Slow light with electromagnetically induced transparency in cylindrical waveguide

TL;DR

This paper investigates slow light via electromagnetically induced transparency in cylindrical waveguides with three-level atoms, analyzing mode propagation and controllability for potential optical memory and delay applications.

Contribution

It introduces a method to analyze EIT-induced slow light in cylindrical waveguides, including permittivity profile calculation and mode propagation using finite difference methods.

Findings

Transparency window can be controlled via waveguide parameters

Reduced group velocity enables optical buffering applications

Mode shape and propagation constants are precisely calculated

Abstract

Slow light with electromagnetically induced transparency (EIT) in the core of cylindrical waveguide (CW) for an optical fiber system containing three-level atoms is investigated. The CW modes are treated in the weakly guiding approximation which renders the analysis into manageable form. The transparency window and permittivity profile of the waveguide due to the strong pump field in the EIT scheme is calculated.

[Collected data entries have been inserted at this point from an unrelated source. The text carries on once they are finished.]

(* Let $n\ge 3$. Let $T_n$ be the set of two-layer comparator networks on $n$ channels that have at least one comparator in the second layer and in which no comparator $(i,j)$ occurs in both layers. Let $R(T'_n)\subseteq T_n$ be any set of representatives of $T_n$ modulo the equivalence relation generated by (i) permutation of channels followed by untangling and (ii) reflection. Then $R(T'_n)$ is a complete set of prefixes for the search of optimal sorting networks in size and depth: for all $d\ge 2$ and $s\ge 0$, if there exists a sorting network on $n$ channels with at most $d$ layers and at most $s$ comparators, then there exists a sorting network on $n$ channels with at most $d$ layers and at most $s$ comparators whose first two layers form a network belonging to $R(T'_n)$.
   Context: A comparator network on $n$ channels is a finite sequence of comparators $(i,j)$ with $1\le i<j\le n$. A comparator $(i,j)$ replaces the values $(x_i,x_j)$ on channels $i,j$ by $(\min(x_i,x_j),\max(x_i,x_j))$. A layer is a set of comparators acting on pairwise disjoint channels. A network is presented as a sequence of layers, and its depth is the number of layers. A sorting network is a comparator network whose output is sorted (nondecreasing from channel $1$ to $n$) for every input. A two-layer network is a network consisting of exactly two layers; either layer may be empty. Permutation and untangling. Given a permutation $\pi$ of the channels, $\pi(C)$ is the network obtained by replacing each comparator $(i,j)$ by a generalized comparator that puts the minimum on channel $\pi(i)$ and the maximum on channel $\pi(j)$. Untangling turns such a generalized network into a standard one. Process the generalized comparators in order. Whenever one puts the minimum on channel $a$ and the maximum on channel $b$ with $a>b$, replace it by the standard comparator $(b,a)$ and exchange the channel labels $a$ and $b$ in all subsequent comparators. Two networks $C,C'$ are equivalent up to permutation if $C'$ equals the untangling of $\pi(C)$ for some permutation $\pi$. Reflection. The reflection of a network $C$ on $n$ channels replaces each comparator $(i,j)$ by $(n-j+1,n-i+1)$. *)

theory Defs
  imports Main "HOL-Library.Product_Lexorder"
begin

(* Channels are natural numbers 1..n. *)

type_synonym comp = "nat \<times> nat"
type_synonym layer = "comp set"
type_synonym network = "layer list"

definition is_layer :: "nat \<Rightarrow> layer \<Rightarrow> bool" where
  "is_layer n L \<longleftrightarrow> finite L \<and>
     (\<forall>(i,j)\<in>L. 1 \<le> i \<and> i < j \<and> j \<le> n) \<and>
     (\<forall>c\<in>L. \<forall>c'\<in>L. c \<noteq> c' \<longrightarrow> {fst c, snd c} \<inter> {fst c', snd c'} = {})"

definition is_network :: "nat \<Rightarrow> network \<Rightarrow> bool" where
  "is_network n C \<longleftrightarrow> (\<forall>L\<in>set C. is_layer n L)"

definition depth :: "network \<Rightarrow> nat" where
  "depth C = length C"

definition net_size :: "network \<Rightarrow> nat" where
  "net_size C = sum_list (map card C)"

definition apply_comp :: "comp \<Rightarrow> (nat \<Rightarrow> int) \<Rightarrow> (nat \<Rightarrow> int)" where
  "apply_comp c x = (case c of (i,j) \<Rightarrow> x(i := min (x i) (x j), j := max (x i) (x j)))"

(* comparators of a layer act on disjoint channels, so the order is irrelevant *)
definition apply_layer :: "layer \<Rightarrow> (nat \<Rightarrow> int) \<Rightarrow> (nat \<Rightarrow> int)" where
  "apply_layer L x = fold apply_comp (sorted_list_of_set L) x"

definition apply_net :: "network \<Rightarrow> (nat \<Rightarrow> int) \<Rightarrow> (nat \<Rightarrow> int)" where
  "apply_net C x = fold apply_layer C x"

definition sorting_network :: "nat \<Rightarrow> network \<Rightarrow> bool" where
  "sorting_network n C \<longleftrightarrow> is_network n C \<and>
     (\<forall>x. \<forall>i j. 1 \<le> i \<longrightarrow> i \<le> j \<longrightarrow> j \<le> n \<longrightarrow> apply_net C x i \<le> apply_net C x j)"

definition T_set :: "nat \<Rightarrow> network set" where
  "T_set n = {C. is_network n C \<and> length C = 2 \<and> C ! 1 \<noteq> {} \<and> C ! 0 \<inter> C ! 1 = {}}"

(* untangling a sequence of generalized comparators (min to a, max to b) *)
definition sw :: "nat \<Rightarrow> nat \<Rightarrow> nat \<Rightarrow> nat" where
  "sw a b k = (if k = a then b else if k = b then a else k)"

function untangle_seq :: "comp list \<Rightarrow> comp list" where
  "untangle_seq [] = []"
| "untangle_seq ((a,b) # cs) =
     (if b < a then (b,a) # untangle_seq (map (\<lambda>(c,d). (sw a b c, sw a b d)) cs)
      else (a,b) # untangle_seq cs)"
  by pat_completeness auto
termination by (relation "measure length") auto

fun regroup :: "nat list \<Rightarrow> 'a list \<Rightarrow> 'a list list" where
  "regroup [] xs = []"
| "regroup (k # ks) xs = take k xs # regroup ks (drop k xs)"

definition untangle_net :: "network \<Rightarrow> network" where
  "untangle_net G = map set (regroup (map card G) (untangle_seq (concat (map sorted_list_of_set G))))"

definition perm_net :: "(nat \<Rightarrow> nat) \<Rightarrow> network \<Rightarrow> network" where
  "perm_net \<pi> C = map (\<lambda>L. (\<lambda>(i,j). (\<pi> i, \<pi> j)) ` L) C"

definition reflect_net :: "nat \<Rightarrow> network \<Rightarrow> network" where
  "reflect_net n C = map (\<lambda>L. (\<lambda>(i,j). (n - j + 1, n - i + 1)) ` L) C"

definition sym_step :: "nat \<Rightarrow> network \<Rightarrow> network \<Rightarrow> bool" where
  "sym_step n C C' \<longleftrightarrow> C \<in> T_set n \<and> C' \<in> T_set n \<and>
     ((\<exists>\<pi>. bij_betw \<pi> {1..n} {1..n} \<and> C' = untangle_net (perm_net \<pi> C)) \<or> C' = reflect_net n C)"

definition T_equiv :: "nat \<Rightarrow> network \<Rightarrow> network \<Rightarrow> bool" where
  "T_equiv n = (symclp (sym_step n))\<^sup>*\<^sup>*"

definition is_representatives :: "nat \<Rightarrow> network set \<Rightarrow> bool" where
  "is_representatives n R \<longleftrightarrow> R \<subseteq> T_set n \<and>
     (\<forall>C\<in>T_set n. \<exists>C'\<in>R. T_equiv n C C') \<and>
     (\<forall>C1\<in>R. \<forall>C2\<in>R. T_equiv n C1 C2 \<longrightarrow> C1 = C2)"

end

theory Submission
  imports Defs "HOL-Library.Multiset" "HOL-Combinatorics.Permutations"
begin

(* Whether a two-layer prefix P extends to a sorting network of depth at most d and size at most
   s is invariant under both generating symmetries.  Permuting the channels of a network and
   untangling gives a standard network computing the same function up to a relabelling of inputs
   and outputs; so a suffix completing P, relabelled and untangled, completes the image of P, and
   a standard network that sorts up to a permutation of its outputs already sorts, because the
   sorted input is a fixpoint of every standard network.  Reflection conjugates a network with
   "negate the input and reverse the channels", which maps sorting networks to sorting networks.
   Finally every sorting network can be normalised, without growing, so that its first two layers
   lie in T_n: comparators of the second layer that already occur in the first are redundant, an
   emptied second layer is dropped, and a network with one layer gets an empty first layer. *)

section \<open>Semantics of layers\<close>

(* Comparators (a,b) with a > b are allowed; apply_comp (a,b) still puts the minimum on a. *)
definition is_gen_layer :: "nat \<Rightarrow> layer \<Rightarrow> bool" where
  "is_gen_layer n L \<longleftrightarrow> finite L \<and> (\<forall>(a,b)\<in>L. a \<in> {1..n} \<and> b \<in> {1..n} \<and> a \<noteq> b) \<and>
     (\<forall>c\<in>L. \<forall>c'\<in>L. c \<noteq> c' \<longrightarrow> {fst c, snd c} \<inter> {fst c', snd c'} = {})"

lemma is_layer_imp_gen_layer: "is_layer n L \<Longrightarrow> is_gen_layer n L"
  unfolding is_layer_def is_gen_layer_def by fastforce

lemma is_gen_layer_subset: "is_gen_layer n L \<Longrightarrow> L' \<subseteq> L \<Longrightarrow> is_gen_layer n L'"
  unfolding is_gen_layer_def by (meson finite_subset subsetD)

lemma is_layerD:
  assumes "is_layer n L" "(i,j) \<in> L"
  shows "1 \<le> i" "i < j" "j \<le> n"
  using assms by (auto simp: is_layer_def)

lemma is_layer_subset: "is_layer n L \<Longrightarrow> L' \<subseteq> L \<Longrightarrow> is_layer n L'"
  unfolding is_layer_def by (meson finite_subset subsetD)

lemma apply_comp_commute:
  assumes "{fst c, snd c} \<inter> {fst c', snd c'} = {}"
  shows "apply_comp c \<circ> apply_comp c' = apply_comp c' \<circ> apply_comp c"
  using assms by (cases c; cases c') (auto simp: fun_eq_iff apply_comp_def)

lemma apply_layer_eq_fold:
  assumes "is_gen_layer n L" "distinct cs" "set cs = L"
  shows "apply_layer L x = fold apply_comp cs x"
proof -
  have "finite L" using assms(1) by (simp add: is_gen_layer_def)
  then have "mset cs = mset (sorted_list_of_set L)"
    using assms(2,3) by (simp add: set_eq_iff_mset_eq_distinct[symmetric])
  moreover have "apply_comp c \<circ> apply_comp c' = apply_comp c' \<circ> apply_comp c"
    if "c \<in> set cs" "c' \<in> set cs" for c c'
    using that assms(1,3) apply_comp_commute by (cases "c = c'") (auto simp: is_gen_layer_def)
  ultimately show ?thesis
    unfolding apply_layer_def by (metis fold_multiset_equiv)
qed

lemma apply_net_Cons: "apply_net (L # C) x = apply_net C (apply_layer L x)"
  by (simp add: apply_net_def)

lemma apply_net_append: "apply_net (A @ B) x = apply_net B (apply_net A x)"
  by (simp add: apply_net_def)

lemma apply_net_eq_fold_concat:
  "apply_net C x = fold apply_comp (concat (map sorted_list_of_set C)) x"
  by (induction C arbitrary: x) (simp_all add: apply_net_def apply_layer_def)

lemma apply_net_map_set:
  assumes "\<forall>l\<in>set ls. distinct l \<and> is_gen_layer n (set l)"
  shows "apply_net (map set ls) x = fold apply_comp (concat ls) x"
  using assms
proof (induction ls arbitrary: x)
  case (Cons l ls)
  then show ?case by (simp add: apply_net_Cons apply_layer_eq_fold[of n "set l" l])
qed (simp add: apply_net_def)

For a specific permittivity profile of the waveguide due to EIT, the propagation constant of the weak signal field and spatial shape of fundamental guided mode are calculated by solving the vector wave equation using the finite difference method. It is found that the transparency window and slow light field can be controlled via the CW parameters. The reduced group velocity of slow light in this configuration is useful for many technological applications such as optical memories, effective control of single photon fields, optical buffer and delay line.